We're seeing an evolution of the comic book movie my friends, brought on by directors like Sam Raimi and Christopher Nolan and now Favreau. Gone are the days of passing these off as high-priced popcorn. I suppose if they gave the reins to the likes of Michael Bay and Bret Ratner (which they did of course with X-Men 3), then that's about as far as we would get. Fortunately there's someone out there who had the insight to listen to the ludicrous idea of Jon Favreau delivering a big budget comic book movie. And who is that guy with all that insight? Or gal? Please buy them a drink from me and send me the bill. They deserve it. Okay, back to my questions.
The second question I had was who the hell would have thought that Robert Downey Jr. would have made an excellent main character in a comic book movie? I remember when the original Batman came out and Michael Keaton was cast. It was an interesting choice but honestly I didn't really see a good marriage there. I think Keaton was cast more for his lips than anything else. And everybody hooted and hollered about Jack Nicholson as the Joker, but really who didn't see that coming? It's not like you were casting against type there. But Robert Downey Jr. as Tony Stark?

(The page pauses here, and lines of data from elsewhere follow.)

lemma is_cycle_two_switch_iff: "is_cycle (two_switch E l u v w) C \<longleftrightarrow> is_cycle E C"
proof
  assume C: "is_cycle (two_switch E l u v w) C"
  then have "C \<subseteq> two_switch E l u v w"
    unfolding is_cycle_def by blast
  then have "C \<subseteq> E"
    using cycle_avoids_added_edges[OF C] unfolding two_switch_eq by blast
  with C show "is_cycle E C"
    by (rule is_cycle_mono)
next
  assume C: "is_cycle E C"
  then have "C \<subseteq> E"
    unfolding is_cycle_def by blast
  then have "C \<subseteq> two_switch E l u v w"
    using cycle_avoids_removed_edges[OF C] unfolding two_switch_eq by blast
  with C show "is_cycle (two_switch E l u v w) C"
    by (rule is_cycle_mono)
qed

lemma u_switch_moving_leaf: "u_switch V E l u v w \<and> {l, v} \<in> two_switch E l u v w"
proof -
  have "is_cycle (two_switch E l u v w) = is_cycle E"
    using is_cycle_two_switch_iff by blast
  then have "unicyclic V (two_switch E l u v w)"
    using unicyclic simple_graph_two_switch[OF unicyclic_simple_graph[OF unicyclic]] connected_two_switch
    by (simp add: unicyclic_def)
  then show ?thesis
    unfolding u_switch_def using unicyclic interchangeable_switch two_switch_eq by simp
qed

end

theorem lemma3p3:
  fixes V :: "'a set" and E :: "'a set set" and l u :: 'a
  assumes "unicyclic V E"
    and "{l, u} \<in> E"
    and "degree E l = 1"
    and "u \<in> cycle_vertices E"
  shows "(\<forall>v. v \<in> cycle_vertices E \<and> v \<noteq> u \<and> degree E v > 2 \<longrightarrow>
            (\<exists>a b c d. u_switch V E a b c d \<and> {l, v} \<in> two_switch E a b c d))
       \<and> (\<forall>v. v \<in> V \<and> v \<notin> cycle_vertices E \<and> degree E v \<ge> 2 \<longrightarrow>
            (\<exists>a b c d. u_switch V E a b c d \<and> {l, v} \<in> two_switch E a b c d))"
proof -
  have leaf: "\<And>x. {l, x} \<in> E \<Longrightarrow> x = u"
    using unicyclic_simple_graph[OF assms(1)] assms(3,2) by (rule degree_one_neighbour)
  have switch: "\<exists>a b c d. u_switch V E a b c d \<and> {l, v} \<in> two_switch E a b c d"
    if "{v, w} \<in> E" and "u \<noteq> v" and "\<not> reachable (E - {{v, w}}) w v"
      and "\<not> reachable (E - {{v, w}}) w u" for v w
    using leaf_bridge.u_switch_moving_leaf[OF leaf_bridge.intro[OF assms(1,2) leaf that]] by blast
  show ?thesis
  proof (intro conjI allI impI)
    fix v
    assume v: "v \<in> cycle_vertices E \<and> v \<noteq> u \<and> degree E v > 2"
    then obtain w where "{v, w} \<in> E" "\<not> reachable (E - {{v, w}}) w v"
      "\<not> reachable (E - {{v, w}}) w u"
      using separating_edge_at_cycle_vertex[OF assms(1,4)] by blast
    then show "\<exists>a b c d. u_switch V E a b c d \<and> {l, v} \<in> two_switch E a b c d"
      using switch v by blast
  next
    fix v
    assume v: "v \<in> V \<and> v \<notin> cycle_vertices E \<and> degree E v \<ge> 2"
    then obtain w where "{v, w} \<in> E" "\<not> reachable (E - {{v, w}}) w v"
      "\<not> reachable (E - {{v, w}}) w u"
      using separating_edge_at_off_cycle_vertex[OF assms(1)] by blast
    moreover have "u \<noteq> v"
      using v assms(4) by blast
    ultimately show "\<exists>a b c d. u_switch V E a b c d \<and> {l, v} \<in> two_switch E a b c d"
      using switch by blast
  qed
qed

end
lemma multiple_quotient: "kk dvd n \<Longrightarrow> 0 < n div kk \<and> n div kk \<le> N"
  using n kk by (auto elim!: dvdE intro: le_trans[OF div_le_dividend])

lemma Tpart0_trunc_mult_family:
  "Tpart0_trunc tv kk N (\<lambda>a. a (tv n) * f a) a = a (tv n) * Tpart0_trunc tv kk N f a
     + (x_coeff kk n 0 a + real (n + kk) / real kk * a (tv (n + kk))) * f a"
proof -
  have "(\<Sum>j<N. a (X (j + 2)) * of_bool (n = (j + 1) * kk))
      = (if kk dvd n then a (X (n div kk + 1)) else 0)"
    unfolding sum_of_bool_multiple[OF kk] using multiple_quotient by auto
  moreover have "(\<Sum>j<N. real (j + 1 + kk) * a (tv (j + 1 + kk)) * of_bool (n = j + 1))
      = real (n + kk) * a (tv (n + kk))"
    using n by (subst sum_eq_single[where i = "n - 1"]) auto
  ultimately have "(\<Sum>j<N. a (X (j + 2)) * of_bool (tv n = tv ((j + 1) * kk))
        + real (j + 1 + kk) * a (tv (j + 1 + kk)) * of_bool (tv n = tv (j + 1)))
      = (if kk dvd n then a (X (n div kk + 1)) else 0) + real (n + kk) * a (tv (n + kk))"
    by (simp only: family_eq_iff sum.distrib)
  then show ?thesis
    unfolding Tpart0_trunc_mult[OF f] x_coeff_def by (simp add: add_divide_distrib algebra_simps)
qed


lemma Tpart1_trunc_mult_family:
  "Tpart1_trunc tv kk N (\<lambda>a. a (tv n) * f a) a = a (tv n) * Tpart1_trunc tv kk N f a
     + (x_coeff kk n 1 a + real n / real kk * a (tv n)) * f a"
proof -
  have "(\<Sum>j<N. a (X (j + 1)) * of_bool (n = (j + 1) * kk))
      = (if kk dvd n then a (X (n div kk)) else 0)"
    unfolding sum_of_bool_multiple[OF kk] using multiple_quotient by auto
  moreover have "(\<Sum>j<N. real (j + 1) * a (tv (j + 1)) * of_bool (n = j + 1)) = real n * a (tv n)"
    using n by (subst sum_eq_single[where i = "n - 1"]) auto
  ultimately have "(\<Sum>j<N. a (X (j + 1)) * of_bool (tv n = tv ((j + 1) * kk))
        + real (j + 1) * a (tv (j + 1)) * of_bool (tv n = tv (j + 1)))
      = (if kk dvd n then a (X (n div kk)) else 0) + real n * a (tv n)"
    by (simp only: family_eq_iff sum.distrib)
  then show ?thesis
    unfolding Tpart1_trunc_mult[OF f] x_coeff_def
    using multiple_quotient by (cases "kk dvd n") (simp_all add: add_divide_distrib algebra_simps)
qed

lemma TpartP_trunc_mult_family:
  assumes "0 < P"
  shows "TpartP_trunc tv kk P N (\<lambda>a. a (tv n) * f a) a = a (tv n) * TpartP_trunc tv kk P N f a
     + x_coeff kk n (Suc P) a * f a
     + (if P * kk < n then real (n - P * kk) / real kk * a (tv (n - P * kk)) * f a
        else if n < P * kk then pd (tv (P * kk - n)) f a / real kk
        else a (X 0) / real kk * f a)"
proof -
  have "(\<Sum>j<N. a (X j) * of_bool (n = (j + P) * kk))
      = (if kk dvd n \<and> Suc P \<le> n div kk then a (X (n div kk - P)) else 0)
        + (if n = P * kk then a (X 0) else 0)"
    unfolding sum_of_bool_multiple[OF kk] using multiple_quotient kk assms by (auto elim!: dvdE)
  moreover have "0 < P * kk"
    using kk assms by simp
  then have "n - P * kk < N"
    using n by linarith
  then have "(\<Sum>j<N. real j * a (tv j) * of_bool (n = P * kk + j))
      = (if P * kk < n then real (n - P * kk) * a (tv (n - P * kk)) else 0)"
    by (subst sum_eq_single[where i = "n - P * kk"]) auto
  moreover have "(\<Sum>j = 1..<P * kk. of_bool (n = P * kk - j) * pd (tv j) f a
        + of_bool (n = j) * pd (tv (P * kk - j)) f a)
      = (if n < P * kk then 2 * pd (tv (P * kk - n)) f a else 0)"
    unfolding sum.distrib using n
    by (subst (1 2) sum_eq_single[where i = "P * kk - n"] sum_eq_single[where i = n]) auto
  ultimately show ?thesis
    unfolding TpartP_trunc_mult[OF f] x_coeff_def
    by (simp add: family_eq_iff sum.distrib ac_simps add_divide_distrib algebra_simps
        del: sum_mult_of_bool_eq sum_of_bool_mult_eq)
qed
end

lemma pd_family_var_family_part:
  assumes "0 < n" "n < N"
  shows "pd (tv n) (family_part tv kk N p f) a = family_part tv kk N p (pd (tv n) f) a
    + (if p = 0 \<and> n < kk then real n * real (kk - n) / real kk * a (tv (kk - n)) * f a
       else if p = 0 \<and> n = kk then a (X 0) * f a
       else real n / real kk * pd (tv (nat ((int p - 1) * int kk + int n))) f a)"
proof -
  consider "p = 0" | "p = 1" | P where "p = Suc (Suc P)"
    by (metis One_nat_def not0_implies_Suc)
  then show ?thesis
  proof cases
    case 1
    have "nat ((int p - 1) * int kk + int n) = n - kk"
      using 1 by simp
    then show ?thesis
      using 1 assms
      by (auto simp: family_part_def pd_rules f coord_differentiable_Tpart_trunc
          pd_family_Tpart0_trunc algebra_simps)
  next
    case 2
    then show ?thesis
      using assms by (simp add: family_part_def pd_rules f coord_differentiable_Tpart_trunc
          pd_family_Tpart1_trunc)
  next
    case 3
    have "(int p - 1) * int kk + int n = int (Suc P * kk + n)"
      using 3 by (simp add: algebra_simps)
    then have "nat ((int p - 1) * int kk + int n) = Suc P * kk + n"
      by (metis nat_int)
    then show ?thesis
      using 3 assms by (simp add: family_part_def pd_family_TpartP_trunc)
  qed
qed

lemma pd_X_family_part:
  assumes "q < N"
  shows "pd (X q) (family_part tv kk N p f) a = family_part tv kk N p (pd (X q) f) a
    + (if 1 < p + q then pd (tv ((p + q - 1) * kk)) f a / real kk
       else if p + q = 1 then a (X 0) / real kk * f a
       else (a (X 1) / real kk + a (tv kk)) * f a)"
proof -
  consider "p = 0" | "p = 1" | P where "p = Suc (Suc P)"
    by (metis One_nat_def not0_implies_Suc)
  then show ?thesis
  proof cases
    case 1
    then show ?thesis
      using assms
      by (auto simp: family_part_def pd_rules f coord_differentiable_Tpart_trunc
          pd_X_Tpart0_trunc algebra_simps add_divide_distrib)
  next
    case 2
    then show ?thesis
      using assms
      by (auto simp: family_part_def pd_rules f coord_differentiable_Tpart_trunc
          pd_X_Tpart1_trunc algebra_simps add_divide_distrib)
  next
    case 3
    then show ?thesis
      using assms by (simp add: family_part_def pd_X_TpartP_trunc algebra_simps)
  qed
qed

His flamboyance was perfect and probably a no-brainer, but he also had the depth to make the convincing transformation from war monger to super hero. Of course there are lots of people out there that can pull that off, but not many that can have so much fun with it.
It's hard to believe that amidst all the dreck that comes out, especially during the Summer, that there are still people out there in Hollywood taking risks. And not just little itty bitty risks. But big, huge risks. Favreau, while a very lovable character in movies and on TV, doesn't exactly have a bankable track record. The reception of his first movie Made was mixed, and Zathura never found its audience. Elf was a hit, but it was hardly the paved road on the way to "hey, I can deliver a big budget summer movie."
One hopes that these risks amount to something other than huge pay raises and bigger offices for the the person(s) involved. One would hope that Hollywood might perk up its ears and take note. Afterall, this isn't the first time that major risks have paid off. Look at Peter Jackson and the trilogy that made Robert Shaye the money whore he is today. Or Sam Raimi with Spiderman? Or all the way back to Tim Burton with Batman? It would be nice to see some of these risks translate to other areas of movie making that maybe don't need hundreds of millions of dollars or a super hero attached. It would be nice to think that movies such as Zodiac and There Will Be Blood are more the norm than the exception in any particular year. Jeez, wouldn't that be weird. To think that it's not the little independent features that could drive better films, but the big super hero movies instead. It is Hollywood after all, and stranger things have happened.